-- Opening Marker --

lemma has_vector_derivative_integral:
  fixes K K' :: "real \<Rightarrow> 'a \<Rightarrow> 'b::{banach, second_countable_topology}"
  assumes t0: "a < t0" "t0 < b"
    and der: "\<And>t w. a < t \<Longrightarrow> t < b \<Longrightarrow> ((\<lambda>t. K t w) has_vector_derivative K' t w) (at t)"
    and bound: "\<And>t w. a < t \<Longrightarrow> t < b \<Longrightarrow> norm (K' t w) \<le> B w"
    and "integrable M B"
    and int: "\<And>t. a < t \<Longrightarrow> t < b \<Longrightarrow> integrable M (K t)"
    and "K' t0 \<in> borel_measurable M"
  shows "((\<lambda>t. integral\<^sup>L M (K t)) has_vector_derivative integral\<^sup>L M (K' t0)) (at t0)"
proof -
  let ?S = "{a<..<b}"
  have int': "integrable M (K' t0)"
    by (rule Bochner_Integration.integrable_bound[OF \<open>integrable M B\<close>])
       (use assms in \<open>auto intro!: AE_I2 order_trans[OF bound[OF t0] abs_ge_self]\<close>)
  define Q where "Q t w = (K t w - K t0 w - (t - t0) *\<^sub>R K' t0 w) /\<^sub>R \<bar>t - t0\<bar>" for t w
  have "norm (Q t w) \<le> 2 * B w" if "t \<in> ?S" for t w
    unfolding Q_def using that t0 der bound
    by (intro norm_difference_quotient_le[of a b "\<lambda>t. K t w" "\<lambda>t. K' t w"]) auto
  moreover have "((\<lambda>t. Q t w) \<longlongrightarrow> 0) (at t0 within ?S)" for w
    using der[OF t0, of w]
    by (auto simp: Q_def has_vector_derivative_def has_derivative_at_within intro: tendsto_within_subset)
  moreover have "Q t \<in> borel_measurable M" if "t \<in> ?S" for t
    using int[of t] int[OF t0] int' that unfolding Q_def by (intro borel_measurable_scaleR) auto
  ultimately have "((\<lambda>t. integral\<^sup>L M (Q t)) \<longlongrightarrow> integral\<^sup>L M (\<lambda>_. 0)) (at t0 within ?S)"
    using \<open>integrable M B\<close> by (intro tendsto_integral_dominated[where B="\<lambda>w. 2 * B w"]) auto
  moreover have "integral\<^sup>L M (Q t) = (integral\<^sup>L M (K t) - integral\<^sup>L M (K t0) -
      (t - t0) *\<^sub>R integral\<^sup>L M (K' t0)) /\<^sub>R norm (t - t0)" if "t \<in> ?S" for t
    using int[of t] int[OF t0] int' that by (simp add: Q_def[abs_def])
  then have "\<forall>\<^sub>F t in at t0 within ?S. integral\<^sup>L M (Q t) = (integral\<^sup>L M (K t) - integral\<^sup>L M (K t0) -
      (t - t0) *\<^sub>R integral\<^sup>L M (K' t0)) /\<^sub>R norm (t - t0)"
    by (auto simp: eventually_at_filter intro!: always_eventually)
  ultimately have "((\<lambda>t. (integral\<^sup>L M (K t) - integral\<^sup>L M (K t0) - (t - t0) *\<^sub>R integral\<^sup>L M (K' t0))
      /\<^sub>R norm (t - t0)) \<longlongrightarrow> 0) (at t0 within ?S)"
    by (simp add: tendsto_cong)
  then have "((\<lambda>t. integral\<^sup>L M (K t)) has_vector_derivative integral\<^sup>L M (K' t0)) (at t0 within ?S)"
    by (simp add: has_vector_derivative_def has_derivative_at_within bounded_linear_scaleR_left)
  then show ?thesis
    using at_within_open[of t0 ?S] t0 by simp
qed

lemma integral_eq_0_if_antiderivative_vanishes_at_infinity:
  fixes F f :: "real \<Rightarrow> complex"
  assumes der: "\<And>x. (F has_vector_derivative f x) (at x)"
    and cont: "continuous_on UNIV f" and int: "integrable lborel f"
    and top: "(F \<longlongrightarrow> 0) at_top" and bot: "(F \<longlongrightarrow> 0) at_bot"
  shows "(LINT x|lborel. f x) = 0"
proof -
  have FTC: "(LINT x|lborel. indicator {- real n .. real n} x *\<^sub>R f x) = F (real n) - F (- real n)" for n
    by (rule integral_FTC_atLeastAtMost)
       (auto intro: has_vector_derivative_at_within der continuous_on_subset[OF cont])
  have "(\<lambda>n. LINT x|lborel. indicator {- real n .. real n} x *\<^sub>R f x) \<longlonglongrightarrow> (LINT x|lborel. f x)"
  proof (rule integral_dominated_convergence[where w="\<lambda>x. norm (f x)"])
    show "AE x in lborel. (\<lambda>n. indicator {- real n .. real n} x *\<^sub>R f x) \<longlonglongrightarrow> f x"
    proof (intro AE_I2)
      fix x :: real
      obtain N :: nat where "\<bar>x\<bar> \<le> real N" using real_arch_simple by blast
      then have "\<forall>n\<ge>N. indicator {- real n .. real n} x *\<^sub>R f x = f x"
        by (auto simp: indicator_def)
      then show "(\<lambda>n. indicator {- real n .. real n} x *\<^sub>R f x) \<longlonglongrightarrow> f x"
        by (intro tendsto_eventually) (auto simp: eventually_sequentially)
    qed
  qed (use int in \<open>auto simp: indicator_def\<close>)
  moreover have "(\<lambda>n. F (real n) - F (- real n)) \<longlonglongrightarrow> 0 - 0"
    by (intro tendsto_diff filterlim_compose[OF top] filterlim_compose[OF bot] filterlim_real_sequentially)
       (simp add: filterlim_uminus_at_bot filterlim_real_sequentially)
  ultimately show ?thesis
    unfolding FTC by (simp add: LIMSEQ_unique)
qed

lemma abs_taylor_remainder_le:
  fixes g :: "real \<Rightarrow> real"
  assumes "\<And>y. (g has_real_derivative g' y) (at y)" "\<And>y. (g' has_real_derivative g'' y) (at y)"
    and "\<And>y. \<bar>g'' y\<bar> \<le> M"
  shows "\<bar>g w - g x - (w - x) * g' x\<bar> \<le> M * (w - x)\<^sup>2"
proof -
  let ?S = "{min x w .. max x w}"
  have "norm ((g w - (w - x) * g' x) - (g x - (x - x) * g' x)) \<le> (M * \<bar>w - x\<bar>) * \<bar>w - x\<bar>"
  proof (rule vector_differentiable_bound[of ?S "\<lambda>y. g y - (y - x) * g' x" "\<lambda>y. g' y - g' x"])
    fix y
    assume y: "y \<in> ?S"
    have "((\<lambda>y. g y - (y - x) * g' x) has_real_derivative g' y - g' x) (at y)"
      using assms(1)[of y] by (auto intro!: derivative_eq_intros)
    then show "((\<lambda>y. g y - (y - x) * g' x) has_vector_derivative g' y - g' x) (at y within ?S)"
      by (simp add: has_real_derivative_iff_has_vector_derivative has_vector_derivative_at_within)
    have "\<bar>g' y - g' x\<bar> \<le> M * \<bar>y - x\<bar>"
      using vector_differentiable_bound[of UNIV g' g'' M y x] assms(2,3)
      by (simp add: has_real_derivative_iff_has_vector_derivative)
    also have "\<dots> \<le> M * \<bar>w - x\<bar>"
      using y assms(3)[of 0] by (intro mult_left_mono) (auto simp: min_def max_def split: if_splits)
    finally show "norm (g' y - g' x) \<le> M * \<bar>w - x\<bar>" by simp
  qed auto
  then show ?thesis
    by (simp add: power2_eq_square abs_mult algebra_simps)
qed

lemma abs_normal_expectation_sub_le:
  fixes g :: "real \<Rightarrow> real"
  assumes \<sigma>: "\<sigma> > 0" and int: "integrable lborel (\<lambda>w. normal_density x \<sigma> w * g w)"
    and taylor: "\<And>w. \<bar>g w - g x - (w - x) * d\<bar> \<le> M * (w - x)\<^sup>2"
  shows "\<bar>(LINT w|lborel. normal_density x \<sigma> w * g w) - g x\<bar> \<le> M * \<sigma>\<^sup>2"
proof -
  let ?n = "normal_density x \<sigma>"
  have mom: "integrable lborel (\<lambda>w. ?n w * (w - x) ^ k)" for k
    using integrable_normal_moment[OF \<sigma>] by blast
  have "(LINT w|lborel. ?n w * (g w - g x - (w - x) * d)) =
        (LINT w|lborel. ?n w * g w - g x * ?n w - d * (?n w * (w - x) ^ 1))"
    by (intro Bochner_Integration.integral_cong) (auto simp: algebra_simps)
  also have "\<dots> = (LINT w|lborel. ?n w * g w) - g x"
    using int mom[of 1] \<sigma> normal_moment_odd[OF \<sigma>, of x 0]
    by (simp add: has_bochner_integral_integral_eq)
  finally have eq: "(LINT w|lborel. ?n w * g w) - g x = (LINT w|lborel. ?n w * (g w - g x - (w - x) * d))" ..
  have "\<bar>LINT w|lborel. ?n w * (g w - g x - (w - x) * d)\<bar> \<le> (LINT w|lborel. \<bar>?n w * (g w - g x - (w - x) * d)\<bar>)"
    using integral_norm_bound[of lborel "\<lambda>w. ?n w * (g w - g x - (w - x) * d)"] by simp
  also have "\<dots> \<le> (LINT w|lborel. M * (?n w * (w - x) ^ 2))"
  proof (intro integral_mono')
    have "0 \<le> M"
      using order_trans[OF abs_ge_zero taylor[of "x + 1"]] by simp
    then show "0 \<le> M * (?n w * (w - x) ^ 2)" for w
      by simp
    show "\<bar>?n w * (g w - g x - (w - x) * d)\<bar> \<le> M * (?n w * (w - x) ^ 2)" for w
      using mult_left_mono[OF taylor normal_density_nonneg[of x \<sigma> w]] by (simp add: abs_mult ac_simps)
  qed (use mom[of 2] in simp)
  also have "\<dots> = M * \<sigma>\<^sup>2"
    using normal_moment_even[OF \<sigma>, of x 1] by (simp add: has_bochner_integral_integral_eq)
  finally show ?thesis
    using eq by simp
qed

lemma one_plus_powr_le_power:
  fixes y :: real
  assumes "\<sigma> > 0"
  shows "1 + \<bar>y\<bar> powr \<sigma> \<le> 2 * (1 + \<bar>y\<bar> ^ nat \<lceil>\<sigma>\<rceil>)"
proof (cases "\<bar>y\<bar> \<le> 1")
  case True
  then have "\<bar>y\<bar> powr \<sigma> \<le> 1"
    using assms by (simp add: powr_le1)
  then show ?thesis
    by (smt (verit) zero_le_power abs_ge_zero)
next
  case False
  then have "\<bar>y\<bar> powr \<sigma> \<le> \<bar>y\<bar> powr real (nat \<lceil>\<sigma>\<rceil>)"
    using assms by (intro powr_mono) auto
  also have "\<dots> = \<bar>y\<bar> ^ nat \<lceil>\<sigma>\<rceil>"
    using False by (simp add: powr_realpow)
  finally show ?thesis
    by (smt (verit) zero_le_power abs_ge_zero)
qed

lemma cos_ge_half: "0 \<le> p \<Longrightarrow> p \<le> 1 \<Longrightarrow> 1/2 \<le> cos (p::real)"
  using cos_monotone_0_pi_le[of p "pi / 3"] pi_gt3 by (simp add: cos_60)

lemma tan_le_two_mult:
  fixes p :: real
  assumes "0 < p" "p \<le> 1"
  shows "tan p \<le> 2 * p"
proof -
  have "tan p = sin p / cos p" by (simp add: tan_def)
  also have "\<dots> \<le> p / (1/2)"
    using assms cos_ge_half[of p] sin_x_le_x[of p] sin_gt_zero[of p] pi_gt3 by (intro frac_le) auto
  finally show ?thesis by simp
qed

lemma one_sub_cos_le: "1 - cos p \<le> \<bar>p::real\<bar>"
  using vector_differentiable_bound[of UNIV cos "\<lambda>x. - sin x" 1 p 0]
  by (auto simp flip: has_real_derivative_iff_has_vector_derivative intro!: derivative_eq_intros)

lemma cot_ge_half:
  fixes p :: real
  assumes "0 < p" "p \<le> 1"
  shows "1/2 \<le> cot p"
proof -
  have "0 < sin p"
    using assms pi_gt3 by (intro sin_gt_zero) auto
  then have "cos p \<le> cos p / sin p"
    using cos_ge_half[of p] assms sin_le_one[of p] by (simp add: le_divide_eq)
  then show ?thesis
    unfolding cot_def using cos_ge_half[of p] assms by linarith
qed

lemma cos_powr_minus_half_bounds:
  fixes p :: real
  assumes "0 \<le> p" "p \<le> 1"
  shows "1 \<le> cos p powr (-1/2)" "cos p powr (-1/2) \<le> 1 / cos p"
proof -
  have c: "1/2 \<le> cos p" "cos p \<le> 1"
    using cos_ge_half[OF assms] by auto
  have eq: "cos p powr (-1/2) = 1 / sqrt (cos p)"
    using c by (simp add: powr_minus_divide powr_half_sqrt)
  have "cos p \<le> sqrt (cos p)" "sqrt (cos p) \<le> 1" "0 < sqrt (cos p)"
    using c by (auto simp: real_le_rsqrt power2_eq_square mult_le_cancel_left1)
  then show "1 \<le> cos p powr (-1/2)" "cos p powr (-1/2) \<le> 1 / cos p"
    unfolding eq using c by (auto intro: divide_left_mono)
qed

lemma norm_exp_ii_sub_one_le: "cmod (exp (\<i> * of_real \<theta>) - 1) \<le> \<bar>\<theta>\<bar>"
  using dist_exp_i_1[of \<theta>] abs_sin_x_le_abs_x[of "\<theta> / 2"] by (simp add: dist_norm)

lemma cmod_ii_minus_1: "cmod (\<i> - 1) = sqrt 2"
  by (simp add: cmod_def)

section \<open>Schwartz functions\<close>

lemma schwartz_has_real_derivative:
  "schwartz g \<Longrightarrow> ((deriv ^^ n) g has_real_derivative (deriv ^^ Suc n) g x) (at x)"
  unfolding schwartz_def by blast

lemma schwartz_bounded: "schwartz g \<Longrightarrow> \<exists>C. \<forall>x. \<bar>x ^ m * (deriv ^^ n) g x\<bar> \<le> C"
  unfolding schwartz_def by blast

lemma schwartz_continuous_on: "schwartz g \<Longrightarrow> continuous_on UNIV ((deriv ^^ n) g)"
  by (meson DERIV_isCont continuous_at_imp_continuous_on schwartz_has_real_derivative)

lemma schwartz_measurable: "schwartz g \<Longrightarrow> (deriv ^^ n) g \<in> borel_measurable borel"
  by (simp add: borel_measurable_continuous_onI schwartz_continuous_on)

lemma schwartz_deriv: "schwartz g \<Longrightarrow> schwartz (deriv g)"
  unfolding schwartz_def by (metis comp_apply funpow_Suc_right)

lemma funpow_deriv_times_id:
  assumes "schwartz g"
  shows "(deriv ^^ n) (\<lambda>w. w * g w) = (\<lambda>w. w * (deriv ^^ n) g w + of_nat n * (deriv ^^ (n - 1)) g w)"
proof (induction n)
  case 0
  then show ?case by simp
next
  case (Suc n)
  have "((\<lambda>w. w * (deriv ^^ n) g w + of_nat n * (deriv ^^ (n - 1)) g w) has_real_derivative
          x * (deriv ^^ Suc n) g x + of_nat (Suc n) * (deriv ^^ n) g x) (at x)" for x
    using schwartz_has_real_derivative[OF assms, of n x] schwartz_has_real_derivative[OF assms, of "n - 1" x]
    by (cases n) (auto intro!: derivative_eq_intros simp: algebra_simps)
  then show ?case
    by (auto simp: fun_eq_iff Suc.IH intro: DERIV_imp_deriv)
qed

lemma schwartz_times_id:
  assumes "schwartz g"
  shows "schwartz (\<lambda>w. w * g w)"
  unfolding schwartz_def funpow_deriv_times_id[OF assms]
proof safe
  fix n x
  show "((\<lambda>w. w * (deriv ^^ n) g w + of_nat n * (deriv ^^ (n - 1)) g w) has_real_derivative
          x * (deriv ^^ Suc n) g x + of_nat (Suc n) * (deriv ^^ (Suc n - 1)) g x) (at x)"
    using schwartz_has_real_derivative[OF assms, of n x] schwartz_has_real_derivative[OF assms, of "n - 1" x]
    by (cases n) (auto intro!: derivative_eq_intros simp: algebra_simps)
next
  fix m n
  obtain C1 where C1: "\<And>x. \<bar>x ^ Suc m * (deriv ^^ n) g x\<bar> \<le> C1"
    using schwartz_bounded[OF assms] by blast
  obtain C2 where C2: "\<And>x. \<bar>x ^ m * (deriv ^^ (n - 1)) g x\<bar> \<le> C2"
    using schwartz_bounded[OF assms] by blast
  have "\<bar>x ^ m * (x * (deriv ^^ n) g x + of_nat n * (deriv ^^ (n - 1)) g x)\<bar> \<le> C1 + of_nat n * C2" for x
  proof -
    have "\<bar>x ^ m * (x * (deriv ^^ n) g x + of_nat n * (deriv ^^ (n - 1)) g x)\<bar>
        = \<bar>x ^ Suc m * (deriv ^^ n) g x + of_nat n * (x ^ m * (deriv ^^ (n - 1)) g x)\<bar>"
      by (simp add: algebra_simps)
    also have "\<dots> \<le> \<bar>x ^ Suc m * (deriv ^^ n) g x\<bar> + of_nat n * \<bar>x ^ m * (deriv ^^ (n - 1)) g x\<bar>"
      by (metis abs_mult abs_of_nat abs_triangle_ineq)
    also have "\<dots> \<le> C1 + of_nat n * C2"
      using C1 C2 by (intro add_mono mult_left_mono) auto
    finally show ?thesis .
  qed
  then show "\<exists>C. \<forall>x. \<bar>x ^ m * (x * (deriv ^^ n) g x + of_nat n * (deriv ^^ (n - 1)) g x)\<bar> \<le> C"
    by blast
qed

-- Closing Marker --

Within the listing above, the range opens at the line with "finally show ?thesis by simp" and closes at the line with "powr (-1/2) = 1". Reproduce exactly the lines of that range, including both ends.

SOLUTION TO THE PROBLEM:
  finally show ?thesis by simp
qed

lemma one_sub_cos_le: "1 - cos p \<le> \<bar>p::real\<bar>"
  using vector_differentiable_bound[of UNIV cos "\<lambda>x. - sin x" 1 p 0]
  by (auto simp flip: has_real_derivative_iff_has_vector_derivative intro!: derivative_eq_intros)

lemma cot_ge_half:
  fixes p :: real
  assumes "0 < p" "p \<le> 1"
  shows "1/2 \<le> cot p"
proof -
  have "0 < sin p"
    using assms pi_gt3 by (intro sin_gt_zero) auto
  then have "cos p \<le> cos p / sin p"
    using cos_ge_half[of p] assms sin_le_one[of p] by (simp add: le_divide_eq)
  then show ?thesis
    unfolding cot_def using cos_ge_half[of p] assms by linarith
qed

lemma cos_powr_minus_half_bounds:
  fixes p :: real
  assumes "0 \<le> p" "p \<le> 1"
  shows "1 \<le> cos p powr (-1/2)" "cos p powr (-1/2) \<le> 1 / cos p"
proof -
  have c: "1/2 \<le> cos p" "cos p \<le> 1"
    using cos_ge_half[OF assms] by auto
  have eq: "cos p powr (-1/2) = 1 / sqrt (cos p)"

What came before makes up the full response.